- **TASK REQUIREMENTS**
Which lines in the data below contain the word "assumes"? Return each of them.

- **EXERCISE MATERIAL**
lemma demazure_bar_eq_frag_extend:
  "i \<in> R \<Longrightarrow> demazure_bar A r i f = frag_extend (\<lambda>v. demazure_mono i v - frag_of v) f"
  unfolding demazure_bar_def frag_extend_diff_fun
  by (simp add: demazure_eq_frag_extend flip: frag_expansion)

definition root_string :: "nat \<Rightarrow> wt \<Rightarrow> wt set" where
  "root_string i x = {x - smul k (\<gamma> i) | k. (0 \<le> k \<and> k \<le> x i) \<or> (x i \<le> k \<and> k \<le> 0)}"

lemma keys_demazure_bar_mono:
  "Poly_Mapping.keys (demazure_mono i v - frag_of v) \<subseteq> root_string i v"
proof -
  have on_string: "v - smul k (\<gamma> i) \<in> root_string i v"
    if "(0 \<le> k \<and> k \<le> v i) \<or> (v i \<le> k \<and> k \<le> 0)" for k
    unfolding root_string_def using that by blast
  have "Poly_Mapping.keys (demazure_mono i v) \<subseteq> root_string i v"
  proof (cases "v i \<ge> 0")
    case True
    have "Poly_Mapping.keys (demazure_mono i v)
        \<subseteq> (\<Union>k<Suc (nat (v i)). Poly_Mapping.keys (frag_of (v - smul (int k) (\<gamma> i))))"
      unfolding demazure_mono_def by (subst if_P[OF True]) (rule keys_sum)
    also have "\<dots> \<subseteq> root_string i v"
      using True by (auto simp: keys_frag_of intro!: on_string)
    finally show ?thesis .
  next
    case False
    have "Poly_Mapping.keys (demazure_mono i v)
        \<subseteq> (\<Union>k<nat (- v i) - 1. Poly_Mapping.keys (frag_of (v + smul (int (Suc k)) (\<gamma> i))))"
      unfolding demazure_mono_def by (subst if_not_P[OF False]) (simp only: keys_minus keys_sum)
    also have "\<dots> \<subseteq> root_string i v"
    proof
      fix x
      assume "x \<in> (\<Union>k<nat (- v i) - 1. Poly_Mapping.keys (frag_of (v + smul (int (Suc k)) (\<gamma> i))))"
      then obtain k where k: "k < nat (- v i) - 1" "x = v + smul (int (Suc k)) (\<gamma> i)"
        by (auto simp: keys_frag_of)
      then have "x = v - smul (- int (Suc k)) (\<gamma> i)"
        by (simp add: fun_eq_iff algebra_simps)
      moreover have "v - smul (- int (Suc k)) (\<gamma> i) \<in> root_string i v"
        using False k(1) by (intro on_string) auto
      ultimately show "x \<in> root_string i v"
        by (simp only:)
    qed
    finally show ?thesis .
  qed
  moreover have "v \<in> root_string i v"
    using on_string[of 0] by force
  ultimately show ?thesis
    using keys_diff[of "demazure_mono i v" "frag_of v"] by (auto simp: keys_frag_of)
qed

lemma demazure_bar_mono_pos:
  assumes i: "i \<in> R" and pos: "v i > 0"
  shows "demazure_mono i v - frag_of v
    = frag_of (sr i v) + (\<Sum>k<nat (v i) - 1. frag_of (v - smul (int (Suc k)) (\<gamma> i)))"
proof -
  define F where "F k = frag_of (v - smul (int k) (\<gamma> i))" for k
  obtain m where m: "nat (v i) = Suc m"
    using pos by (metis gr0_implies_Suc zero_less_nat_eq)
  have "demazure_mono i v = (\<Sum>k<Suc (Suc m). F k)"
    unfolding demazure_mono_def F_def using pos m by simp
  also have "\<dots> = F 0 + (\<Sum>k<Suc m. F (Suc k))"
    by (rule sum.lessThan_Suc_shift)
  also have "\<dots> = F 0 + (\<Sum>k<m. F (Suc k)) + F (Suc m)"
    by simp
  finally have "demazure_mono i v = F 0 + (\<Sum>k<m. F (Suc k)) + F (Suc m)" .
  moreover have "F 0 = frag_of v" "F (Suc m) = frag_of (sr i v)"
    unfolding F_def using m pos by (simp_all add: sref_eq flip: m)
  ultimately show ?thesis
    using m unfolding F_def by (simp add: algebra_simps)
qed

section \<open>Leading terms and descent monomials\<close>

text \<open>Stronger than \<open>[x]\<^sub>+ \<le> d\<close>, but visibly preserved along root strings.\<close>
definition orbit_below :: "wt \<Rightarrow> wt \<Rightarrow> bool" where
  "orbit_below d x \<longleftrightarrow> (\<forall>u\<in>W. Qplus (d - u x))"

text \<open>Every element of the \<open>i\<close>-string through \<open>x\<close> is a convex combination of \<open>x\<close> and
  \<open>s\<^sub>i x\<close> along \<open>\<gamma>\<^sub>i\<close>; since \<open>u \<gamma>\<^sub>i\<close> is either positive or negative, \<open>u y\<close> lies below \<open>u x\<close>
  or below \<open>u (s\<^sub>i x)\<close>.\<close>
lemma orbit_below_string:
  assumes i: "i \<in> R" and y: "y \<in> root_string i x" and below: "orbit_below d x"
  shows "orbit_below d y"
  unfolding orbit_below_def
proof
  fix u
  assume u: "u \<in> W"
  obtain k where k: "y = x - smul k (\<gamma> i)" "(0 \<le> k \<and> k \<le> x i) \<or> (x i \<le> k \<and> k \<le> 0)"
    using y unfolding root_string_def by blast
  have Q1: "Qplus (d - u x)" and Q2: "Qplus (d - u (sr i x))"
    using below u weyl_comp[OF u sref_in_weyl[OF i]] unfolding orbit_below_def by auto
  have "y = sr i x + smul (x i - k) (\<gamma> i)"
    unfolding k(1) sref_eq smul_diff_left by (simp add: algebra_simps)
  then have "u y = u (sr i x) + smul (x i - k) (u (\<gamma> i))"
    by (simp only: weyl_add[OF u] weyl_smul[OF u])
  moreover have "u y = u x - smul k (u (\<gamma> i))"
    unfolding k(1) by (simp only: weyl_diff[OF u] weyl_smul[OF u])
  ultimately have e1: "d - u y = (d - u x) + smul k (u (\<gamma> i))"
    and e2: "d - u y = (d - u (sr i x)) + smul (k - x i) (u (\<gamma> i))"
    by (simp_all add: smul_diff_left algebra_simps)
  show "Qplus (d - u y)"
  proof (cases "len u \<le> len (u \<circ> sr i)")
    case True
    then have pos: "Qplus (u (\<gamma> i))"
      using positive_root_image u i by blast
    show ?thesis
    proof (cases "0 \<le> k")
      case True
      then show ?thesis
        unfolding e1 by (rule Qplus_add_smul[OF Q1 pos])
    next
      case False
      then show ?thesis
        unfolding e2 using k(2) by (intro Qplus_add_smul[OF Q2 pos]) simp
    qed
  next
    case False
    then have neg: "Qplus (- u (\<gamma> i))"
      using negative_root_image u i by simp
    show ?thesis
    proof (cases "k \<le> 0")
      case True
      then show ?thesis
        unfolding e1 smul_minus_minus[of k, symmetric] by (intro Qplus_add_smul[OF Q1 neg]) simp
    next
      case False
      then show ?thesis
        unfolding e2 smul_minus_minus[of "k - x i", symmetric] minus_diff_eq
        using k(2) by (intro Qplus_add_smul[OF Q2 neg]) simp
    qed
  qed
qed

lemma B_string:
  assumes "i \<in> R"
  shows "B (x - smul k (\<gamma> i)) (x - smul k (\<gamma> i)) = B x x - k * (x i - k) * root_norm i"
proof -
  have "B (x - smul k (\<gamma> i)) (x - smul k (\<gamma> i)) = B x x - k * (2 * B x (\<gamma> i)) + k * k * root_norm i"
    by (simp add: B_diff_left B_diff_right B_smul_left B_smul_right B_sym root_norm_def
        algebra_simps)
  then show ?thesis
    unfolding coord_root_norm[OF assms, symmetric] by (simp add: algebra_simps)
qed

lemma B_string_le:
  assumes i: "i \<in> R" and y: "y \<in> root_string i x"
  shows "B y y \<le> B x x"
proof -
  obtain k where k: "y = x - smul k (\<gamma> i)" "(0 \<le> k \<and> k \<le> x i) \<or> (x i \<le> k \<and> k \<le> 0)"
    using y unfolding root_string_def by blast
  then have "0 \<le> k * (x i - k)"
    by (auto intro: mult_nonneg_nonneg mult_nonpos_nonpos)
  then show ?thesis
    using B_string[OF i, of x k] k(1) root_norm_pos[OF i] by simp
qed

lemma B_string_less:
  assumes "i \<in> R" "0 < k" "k < x i"
  shows "B (x - smul k (\<gamma> i)) (x - smul k (\<gamma> i)) < B x x"
  using B_string[OF assms(1), of x k] assms root_norm_pos[OF assms(1)] by simp

lemma root_string_lattice:
  assumes "y \<in> root_string i x" "in_lattice r x"
  shows "in_lattice r y"
proof -
  obtain k where "y = x - smul k (\<gamma> i)"
    using assms(1) unfolding root_string_def by blast
  then show ?thesis
    using assms(2) unfolding in_lattice_def by (simp add: sroot_apply)
qed

lemma Qplus_weyl_root_comb:
  assumes u: "u \<in> W" and no_desc: "\<And>k. k \<in> R \<Longrightarrow> n k \<noteq> 0 \<Longrightarrow> len u \<le> len (u \<circ> sr k)"
  shows "Qplus (u (root_comb n))"
proof -
  have terms: "Qplus (smul (int (n j)) (u (\<gamma> j)))" if j: "j \<in> R" for j
  proof (cases "n j = 0")
    case False
    then show ?thesis
      using Qplus_smul positive_root_image[OF u j no_desc[OF j False]] by simp
  qed (simp add: Qplus_zero)
  show ?thesis
    unfolding weyl_root_comb[OF u] by (rule Qplus_sum[OF finite_atLeastAtMost terms])
qed

lemma Qplus_weyl_root_comb_orthogonal:
  assumes u: "u \<in> W" and D: "descents A r u \<subseteq> J" and orth: "B (fund_sum r J) (root_comb n) = 0"
  shows "Qplus (u (root_comb n))"
proof (rule Qplus_weyl_root_comb[OF u])
  fix k
  assume k: "k \<in> R" "n k \<noteq> 0"
  have "k \<notin> J"
  proof
    assume "k \<in> J"
    then have "n k = 0"
      using B_dominant_root_comb_eq_0[OF fund_sum_dominant orth k(1)] k(1)
        by (simp add: fund_sum_apply)
    with k(2) show False ..
  qed
  then show "len u \<le> len (u \<circ> sr k)"
    using D k(1) descents_iff[of k u] by auto
qed

text \<open>If the coordinate were \<open>\<le> 0\<close>, then \<open>w'\<^sup>-\<^sup>1 \<gamma>\<^sub>i = \<Sum> n\<^sub>k \<gamma>\<^sub>k \<ge> 0\<close> would be orthogonal to \<open>\<lambda>\<^sub>J\<close>, hence supported outside \<open>J\<close>, so
  \<open>-\<gamma>\<^sub>i = w (\<Sum> n\<^sub>k \<gamma>\<^sub>k)\<close> would be positive as \<open>w\<close> has no descents outside \<open>J\<close>.\<close>
lemma fund_sum_coord_pos:
  assumes w': "w' \<in> W" and i: "i \<in> R" and w: "w = sr i \<circ> w'"
    and lw: "len w' < len w" and D: "descents A r w \<subseteq> J"
  shows "w' (fund_sum r J) i > 0"
proof (rule ccontr)
  assume nonpos: "\<not> w' (fund_sum r J) i > 0"
  define lam where "lam = fund_sum r J"
  have wW: "w \<in> W"
    unfolding w by (rule weyl_comp[OF sref_in_weyl[OF i] w'])
  have "Qplus (inv w' (\<gamma> i))"
    using positive_root_image_inv[OF w' i] lw w by simp
  then obtain n where n: "inv w' (\<gamma> i) = root_comb n"
    unfolding Qplus_def by auto
  have "w' lam i * root_norm i = 2 * B lam (root_comb n)"
    using coord_root_norm[OF i, of "w' lam"] w' n
      B_weyl_invariant[OF weyl_inv_in[OF w'], of "w' lam" "\<gamma> i"]
    by simp
  moreover have "B lam (root_comb n) \<ge> 0"
    using B_dominant_Qplus_nonneg[OF fund_sum_dominant] Qplus_def lam_def by blast
  moreover have "w' lam i * root_norm i \<le> 0"
    using nonpos root_norm_pos[OF i] lam_def by (simp add: mult_nonpos_nonneg)
  ultimately have "B lam (root_comb n) = 0"
    by simp
  then have "Qplus (w (root_comb n))"
    using Qplus_weyl_root_comb_orthogonal[OF wW D] lam_def by simp
  moreover have "w (root_comb n) = - \<gamma> i"
    using n[symmetric] w w' sref_sroot[OF i] by simp
  ultimately have "\<gamma> i = 0"
    using Qplus_antisym[OF Qplus_sroot[OF i]] by simp
  then show False
    using sroot_nonzero[OF i] by simp
qed

text \<open>The strict inequality for \<open>B\<close> is what excludes \<open>[v]\<^sub>+ = \<lambda>\<close> for the lower terms.\<close>
definition lower_terms :: "wt \<Rightarrow> (wt \<Rightarrow>\<^sub>0 int) \<Rightarrow> bool" where
  "lower_terms lam c \<longleftrightarrow>
    (\<forall>v\<in>Poly_Mapping.keys c. in_lattice r v \<and> orbit_below lam v \<and> B v v < B lam lam)"

lemma lower_terms_demazure_bar:
  assumes i: "i \<in> R" and c: "lower_terms lam c"
  shows "lower_terms lam (demazure_bar A r i c)"
  unfolding lower_terms_def
proof
  fix v
  assume "v \<in> Poly_Mapping.keys (demazure_bar A r i c)"
  then have "v \<in> (\<Union>x\<in>Poly_Mapping.keys c. Poly_Mapping.keys (demazure_mono i x - frag_of x))"
    unfolding demazure_bar_eq_frag_extend[OF i] by (rule subsetD[OF keys_frag_extend])
  then obtain x where x: "x \<in> Poly_Mapping.keys c" "v \<in> root_string i x"
    using subsetD[OF keys_demazure_bar_mono] by blast
  have "in_lattice r x" "orbit_below lam x" "B x x < B lam lam"
    using c x(1) unfolding lower_terms_def by auto
  then show "in_lattice r v \<and> orbit_below lam v \<and> B v v < B lam lam"
    using root_string_lattice[OF x(2)] orbit_below_string[OF i x(2)] B_string_le[OF i x(2)] by simp
qed

lemma dominant_orbit:
  assumes "dominant r d" "v \<in> W"
  shows "in_lattice r (v d)" "orbit_below d (v d)" "B (v d) (v d) = B d d"
proof -
  show "in_lattice r (v d)"
    using weyl_lattice[OF assms(2)] assms(1) unfolding dominant_def by blast
  show "B (v d) (v d) = B d d"
    using B_weyl_invariant[OF assms(2)] .
  have "Qplus (d - u (v d))" if "u \<in> W" for u
    using dominant_minus_orbit[OF assms(1) weyl_comp[OF that assms(2)]] by simp
  then show "orbit_below d (v d)"
    unfolding orbit_below_def by blast
qed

- **TASK RESULT**
  assumes i: "i \<in> R" and pos: "v i > 0"
  assumes i: "i \<in> R" and y: "y \<in> root_string i x" and below: "orbit_below d x"
  assumes "i \<in> R"
  assumes i: "i \<in> R" and y: "y \<in> root_string i x"
  assumes "i \<in> R" "0 < k" "k < x i"
  assumes "y \<in> root_string i x" "in_lattice r x"
  assumes u: "u \<in> W" and no_desc: "\<And>k. k \<in> R \<Longrightarrow> n k \<noteq> 0 \<Longrightarrow> len u \<le> len (u \<circ> sr k)"
  assumes u: "u \<in> W" and D: "descents A r u \<subseteq> J" and orth: "B (fund_sum r J) (root_comb n) = 0"
  assumes w': "w' \<in> W" and i: "i \<in> R" and w: "w = sr i \<circ> w'"
  assumes i: "i \<in> R" and c: "lower_terms lam c"
  assumes "dominant r d" "v \<in> W"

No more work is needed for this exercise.